LITTLE: Those concerns don’t impress one of the U.K.’s top security experts. Anthony Glees heads the Buckingham University Center for Security and Intelligence Studies.

ANTHONY GLEES: Individual tutors have got to engage with their students as individuals, and if they detect signs of political extremism they have to challenge them.  Academics cannot turn a deaf ear to the political attitudes of their students.

LITTLE: In 2005, the year of the July 7th London bombings, Glees published a report, “When Students Turn to Terror: Terrorist and Extremist Activity on British Campuses.”  In it he warned that universities had become recruiting grounds for Islamic extremism.  At the time, he was widely accused of exaggeration.  Now, he claims he’s been vindicated with several former students in Britain implicated in terror offences.

GLEES: Universities have been seen as safe sites for recruitment by Al-Qaeda and Al-Qaeda associates. These people who want to destroy our way of life have noticed that students are rarely observed in the modern university.

LITTLE: One Muslim scholar, who warned of the dangers of student radicalization, suggested that universities should not have a separate space for Muslim prayers where the extremists can take over.  In fact, U.C.L. doesn’t have one.  But it does have an active Islamic Society.

LOTIFA BEGUM: Here we’re raising awareness for Islam and we’re going to have a few events next week.  It would be really fantastic if you came along.   Thank you.

LITTLE: Lotifa Begum is a politics student here.  She wants to explain to non-Muslim students what real Islam is about, which she says is not violent extremism. The annual Islamic Awareness Week has taken on extra resonance in the wake of all the media attention she and fellow Muslim students have been getting. It’s unwelcome attention and most are reluctant to talk, wary of reporters who they say portray them as potential terrorists.  Begum is tired of it.

BEGUM: We as a society are carrying on with our activities as usual because we have no affiliation with any such kind of behavior.

LITTLE: Another member of the Islamic Society, Asif Hussein, is in his final year studying law, and like Lotifa he says he’s never met an extremist on campus.

ASIF HUSSEIN: Most people at U.C.L. are quite driven in their field of academic study.

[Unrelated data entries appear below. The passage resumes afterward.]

lemma bisector_reflection_conjugate:
  assumes "Q f = y - x"
    and "bisector_reflection x y (P i w) = P j w'" "bisector_reflection x y (P i x0) = P j x0'"
  shows "w' - x0' = reflection_along f (w - x0)"
proof -
  have "(1/L) *\<^sub>R Q (w' - x0') = bisector_reflection x y (P i w) - bisector_reflection x y (P i x0)"
    using assms(2,3) by (simp add: Psi_diff)
  also have "\<dots> = reflection_along (Q f) ((1/L) *\<^sub>R Q (w - x0))"
    by (simp add: bisector_reflection_diff Psi_diff assms(1))
  also have "\<dots> = (1/L) *\<^sub>R Q (reflection_along f (w - x0))"
    by (simp add: linear_scale[OF linear_reflection_along]
        orthogonal_transformation_reflection_along[OF orthogonal_Q])
  finally show ?thesis
    using L_gt_1 orthogonal_transformation_inj[OF orthogonal_Q] by (simp add: inj_eq)
qed

lemma V0_reflection_invariant:
  assumes x: "x \<in> V0" and y: "y \<in> V0" and "x \<noteq> y" and f: "Q f = y - x" and v: "v \<in> V0"
  shows "reflection_along f (v - centroid V0) + centroid V0 \<in> V0"
proof -
  let ?S = "bisector_reflection x y" and ?R = "reflection_along f"
  obtain i where i: "i \<in> {1..N}" using V0_fixed x by blast
  obtain j where j: "j \<in> {1..N}" "?S ` P i ` V0 = P j ` V0"
    using symmetry x y \<open>x \<noteq> y\<close> i by blast
  have image: "\<exists>w'\<in>V0. ?S (P i w) = P j w'" if "w \<in> V0" for w
    using that j(2) by blast
  obtain x' where x': "?S (P i x) = P j x'" using image[OF x] by blast
  \<comment> \<open>\<open>P j\<^sup>-\<^sup>1 \<circ> ?S \<circ> P i\<close> maps \<open>V0\<close> into itself and equals \<open>?R + \<kappa>\<close>.\<close>
  define \<kappa> where "\<kappa> = x' - ?R x"
  have maps_to: "?R w + \<kappa> \<in> V0" if w: "w \<in> V0" for w
  proof -
    obtain w' where "w' \<in> V0" "?S (P i w) = P j w'" using image[OF w] by blast
    moreover from this(2) have "w' - x' = ?R (w - x)" by (rule bisector_reflection_conjugate[OF f _ x'])
    then have "w' = ?R w + \<kappa>" by (simp add: \<kappa>_def linear_diff[OF linear_reflection_along] algebra_simps)
    ultimately show ?thesis by simp
  qed
  have "(\<lambda>w. ?R w + \<kappa>) ` V0 = V0"
    using maps_to by (intro endo_inj_surj[OF finite_V0])
      (auto simp: inj_on_def dest: injD[OF inj_reflection_along])
  then have "?R (centroid V0) + \<kappa> = centroid V0"
    using centroid_fixed_if_permuted[OF finite_V0 _ linear_reflection_along] v by blast
  then have "?R (v - centroid V0) + centroid V0 = ?R v + \<kappa>"
    by (simp add: linear_diff[OF linear_reflection_along] algebra_simps)
  then show ?thesis using maps_to[OF v] by simp
qed

lemma Q_inv_Q: "Q (inv Q z) = z"
  by (rule surj_f_inv_f[OF orthogonal_transformation_surj[OF orthogonal_Q]])

lemma inj_on_reflection_factors:
  assumes x0: "x0 \<in> V0"
  shows "inj_on (\<lambda>y. reflection_factor (inv Q (y - x0))) (V0 - {x0})"
proof (rule inj_onI)
  fix y y' assume y: "y \<in> V0 - {x0}" and y': "y' \<in> V0 - {x0}"
    and eq: "reflection_factor (inv Q (y - x0)) = reflection_factor (inv Q (y' - x0))"
  have "inv Q (y - x0) \<noteq> 0" using y Q_inv_Q[of "y - x0"] linear_0[OF linear_Q] by auto
  then obtain l where "inv Q (y' - x0) = l *\<^sub>R inv Q (y - x0)"
    using parallel_if_reflection_factor_eq eq by blast
  then have "y' - x0 = l *\<^sub>R (y - x0)" by (metis Q_inv_Q linear_scale[OF linear_Q])
  moreover have "dist (centroid V1) z = dist (centroid V1) x0" if "z \<in> V0" for z
    using centroid_V1_equidistant[OF that x0] .
  ultimately show "y = y'" using collinear_equidistant_eq y y' by (metis DiffE singletonI)
qed

lemma regular_polygon_V0:
  assumes "card V0 \<ge> 3"
  shows "regular_polygon_vertices V0"
proof -
  define n c where "n = card V0" and "c = centroid V0"
  obtain x0 where x0: "x0 \<in> V0" using assms by fastforce
  define f where "f y = inv Q (y - x0)" for y
  have f_nonzero: "f y \<noteq> 0" if "y \<noteq> x0" for y
    using Q_inv_Q[of "y - x0"] that linear_0[OF linear_Q] unfolding f_def by auto
  define Z where "Z = (\<lambda>v. complex_of_vec2 (v - c)) ` V0"
  define A where "A = (\<lambda>y. reflection_factor (f y)) ` (V0 - {x0})"
  have "card Z = n"
    unfolding Z_def n_def by (intro card_image) (auto simp: inj_on_def complex_of_vec2_eq_iff)
  have "c \<notin> V0"
    using centroid_notin_if_equidistant[OF finite_V0 _ centroid_V1_equidistant[OF _ x0]] assms
    unfolding c_def by simp
  then have "0 \<notin> Z" by (auto simp: Z_def complex_of_vec2_eq_0_iff)
  have "card A \<ge> n - 1"
    unfolding A_def n_def f_def using x0 finite_V0 inj_on_reflection_factors[OF x0]
    by (simp add: card_image)
  have "0 \<notin> A" unfolding A_def using reflection_factor_nonzero[OF f_nonzero] by fastforce
  have "a * cnj w \<in> Z" if a: "a \<in> A" and w: "w \<in> Z" for a w
  proof -
    obtain y v where y: "y \<in> V0" "y \<noteq> x0" "a = reflection_factor (f y)"
      and v: "v \<in> V0" "w = complex_of_vec2 (v - c)"
      using a w unfolding A_def Z_def by blast
    have "a * cnj w = complex_of_vec2 ((reflection_along (f y) (v - c) + c) - c)"
      using complex_of_vec2_reflection_along[OF f_nonzero[OF y(2)]] y(3) v(2) by simp
    moreover have "reflection_along (f y) (v - c) + c \<in> V0"
      using V0_reflection_invariant[OF x0 y(1) y(2)[symmetric] Q_inv_Q v(1)]
      unfolding c_def f_def .
    ultimately show ?thesis unfolding Z_def by blast
  qed
  then obtain z0 where "z0 \<noteq> 0" "Z = {exp (2 * of_real pi * \<i> * of_nat j / of_nat n) * z0 | j. j < n}"
    using rotation_orbit_if_reflection_invariant[OF _ \<open>card Z = n\<close> _ \<open>0 \<notin> Z\<close> \<open>card A \<ge> n - 1\<close> \<open>0 \<notin> A\<close>]
      finite_V0 assms unfolding Z_def n_def by blast
  then show ?thesis
    using regular_polygon_vertices_if_rotation_orbit[OF n_def[symmetric]] unfolding Z_def by blast
qed

end

section \<open>Two essential fixed points\<close>

lemma rtrancl_crossing:
  fixes \<tau> :: "'a \<Rightarrow> 'b::linorder"
  assumes "(p, q) \<in> E\<^sup>*" "\<tau> p \<le> t" "t < \<tau> q"
  shows "\<exists>(x, y)\<in>E. \<tau> x \<le> t \<and> t < \<tau> y"
proof (rule ccontr)
  assume no_crossing: "\<not> ?thesis"
  have "\<tau> z \<le> t" if "(p, z) \<in> E\<^sup>*" for z
    using that
  proof (induction rule: rtrancl_induct)
    case (step y z)
    show ?case
    proof (rule ccontr)
      assume "\<not> \<tau> z \<le> t"
      then have "\<exists>(x, y)\<in>E. \<tau> x \<le> t \<and> t < \<tau> y"
        using step by (intro bexI[of _ "(y, z)"]) simp_all
      then show False using no_crossing by blast
    qed
  qed (use assms(2) in simp)
  then have "\<tau> q \<le> t" using assms(1) .
  then show False using assms(3) by simp
qed

lemma closed_segment_affine_real:
  fixes c k s1 s2 :: real
  shows "closed_segment (c + k * s1) (c + k * s2) = (\<lambda>s. c + k * s) ` closed_segment s1 s2"
proof -
  have "closed_segment (k * s1) (k * s2) = (\<lambda>s. k * s) ` closed_segment s1 s2"
    by (rule closed_segment_linear_image) simp
  then show ?thesis by (simp add: closed_segment_translation image_image)
qed

locale nested_fractal_two_points = nested_fractal +
  fixes a b :: pt
  assumes V0_eq: "V0 = {a, b}" and a_ne_b: "a \<noteq> b"
begin

definition u :: pt where "u = b - a"

lemma a_in_V0: "a \<in> V0" and b_in_V0: "b \<in> V0"
  by (simp_all add: V0_eq)

lemma u_nonzero: "u \<noteq> 0"
  using a_ne_b by (simp add: u_def)

lemma V1_on_line: "p \<in> V1 \<Longrightarrow> \<exists>t. p = a + t *\<^sub>R Q u"
proof -
  assume "p \<in> V1"
  then have "(a, p) \<in> cell_edges\<^sup>*"
    using connectivity[rule_format, OF V0_subset_V1[THEN subsetD, OF a_in_V0]] by blast
  then show ?thesis
  proof (induction rule: rtrancl_induct)
    case base
    show ?case by (rule exI[of _ 0]) simp
  next
    case (step y z)
    then obtain t where t: "y = a + t *\<^sub>R Q u" by blast
    obtain i where "y \<in> P i ` V0" "z \<in> P i ` V0" using cell_edge_in_cell[OF step(2)] by blast
    then have "y \<in> {P i a, P i b}" "z \<in> {P i a, P i b}" by (simp_all add: V0_eq)
    moreover have "P i b - P i a = (1/L) *\<^sub>R Q u" by (simp add: Psi_diff u_def)
    ultimately have "z - y \<in> {0 *\<^sub>R Q u, (1/L) *\<^sub>R Q u, (- 1/L) *\<^sub>R Q u}"
      by (auto simp: algebra_simps)
    then obtain s where "z - y = s *\<^sub>R Q u" by blast
    then have "z = a + (t + s) *\<^sub>R Q u" using t by (simp add: algebra_simps)
    then show ?case by blast
  qed
qed

lemma Q_u_sign: "Q u = u \<or> Q u = - u"
proof -
  obtain t where "b = a + t *\<^sub>R Q u" using V1_on_line V0_subset_V1 b_in_V0 by blast
  then have u_eq: "u = t *\<^sub>R Q u" unfolding u_def by (simp add: algebra_simps)
  have "norm u = \<bar>t\<bar> * norm u"
    using arg_cong[of _ _ norm, OF u_eq] orthogonal_transformation_norm[OF orthogonal_Q] by simp
  then have "\<bar>t\<bar> = 1" using u_nonzero by simp
  then have "t = 1 \<or> t = -1" by linarith
  then show ?thesis using u_eq by (metis scaleR_minus1_left scaleR_one minus_minus)
qed

definition \<eta> :: real where "\<eta> = (if Q u = u then 1 else -1)"

lemma Q_u: "Q u = \<eta> *\<^sub>R u"
  using Q_u_sign by (auto simp: \<eta>_def)

definition \<tau> :: "pt \<Rightarrow> real" where "\<tau> z = ((z - a) \<bullet> u) / (u \<bullet> u)"

lemma \<tau>_line [simp]: "\<tau> (a + s *\<^sub>R u) = s"
  using u_nonzero by (simp add: \<tau>_def)

definition \<psi> :: "nat \<Rightarrow> real \<Rightarrow> real" where "\<psi> i = (\<lambda>s. \<tau> (P i a) + \<eta> / L * s)"

lemma Psi_line: "i \<in> {1..N} \<Longrightarrow> P i (a + s *\<^sub>R u) = a + \<psi> i s *\<^sub>R u"
proof -
  assume "i \<in> {1..N}"
  then have "P i a \<in> V1" using a_in_V0 by (rule Psi_in_V1)
  then obtain t where "P i a = a + t *\<^sub>R Q u" using V1_on_line by blast
  then have "P i a = a + \<tau> (P i a) *\<^sub>R u" by (simp add: Q_u)
  moreover have "P i (a + s *\<^sub>R u) - P i a = (\<eta> * s / L) *\<^sub>R u"
    by (simp add: Psi_diff linear_scale[OF linear_Q] Q_u)
  ultimately show ?thesis by (simp add: \<psi>_def algebra_simps)
qed

lemma K_on_line: "z \<in> K \<Longrightarrow> z = a + \<tau> z *\<^sub>R u"
proof -
  define F where "F = {z. z = a + \<tau> z *\<^sub>R u}"
  have "closed F"
    unfolding F_def \<tau>_def using u_nonzero by (intro closed_Collect_eq continuous_intros) auto
  moreover have "a \<in> F" by (simp add: F_def \<tau>_def)
  moreover have "P i z \<in> F" if "i \<in> {1..N}" "z \<in> F" for i z
  proof -
    have "z = a + \<tau> z *\<^sub>R u" using that(2) unfolding F_def by simp
    then have "P i z = a + \<psi> i (\<tau> z) *\<^sub>R u" using Psi_line[OF that(1)] by metis
    then show ?thesis unfolding F_def by simp
  qed
  ultimately have "K \<subseteq> F" using sub_self_similar_subset[OF compact_K K_subset_cells] by blast
  then show "z \<in> K \<Longrightarrow> z = a + \<tau> z *\<^sub>R u" unfolding F_def by blast
qed

lemma \<tau>_Psi: "i \<in> {1..N} \<Longrightarrow> z \<in> K \<Longrightarrow> \<tau> (P i z) = \<psi> i (\<tau> z)"
  by (metis K_on_line Psi_line \<tau>_line)

lemma \<tau>_a: "\<tau> a = 0" and \<tau>_b: "\<tau> b = 1"
  using \<tau>_line[of 0] \<tau>_line[of 1] by (simp_all add: u_def)

definition m :: real where "m = Inf (\<tau> ` K)"
definition M :: real where "M = Sup (\<tau> ` K)"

It’s really difficult to get into U.C.L., and so people don’t want to waste their time here either just lounging around doing nothing or inciting extremism, whatever. They’re here to get a degree, to get a job and further their careers.

LITTLE: So you have never met an Abdulmutallab type figure?

HUSSEIN: I never have, no, no.

GLEES: I would say that if they deny ever having come across a radical, they have lost all sight of the meaning of the word radical. I would put it the other way that you’re very unlikely to come across a student at an Islamic Society who isn’t a radical.

LITTLE: Anthony Glees’ assertions will likely upset more than a few Muslim students in the U.K.,  whether or not there is any credence to his claims. Meanwhile, the former U.C.L. student, Abdulmutallab, now awaiting trial in the U.S., has ensured that the students and their academic institutions are under scrutiny as never before.  For the World, this is Jane Little in London.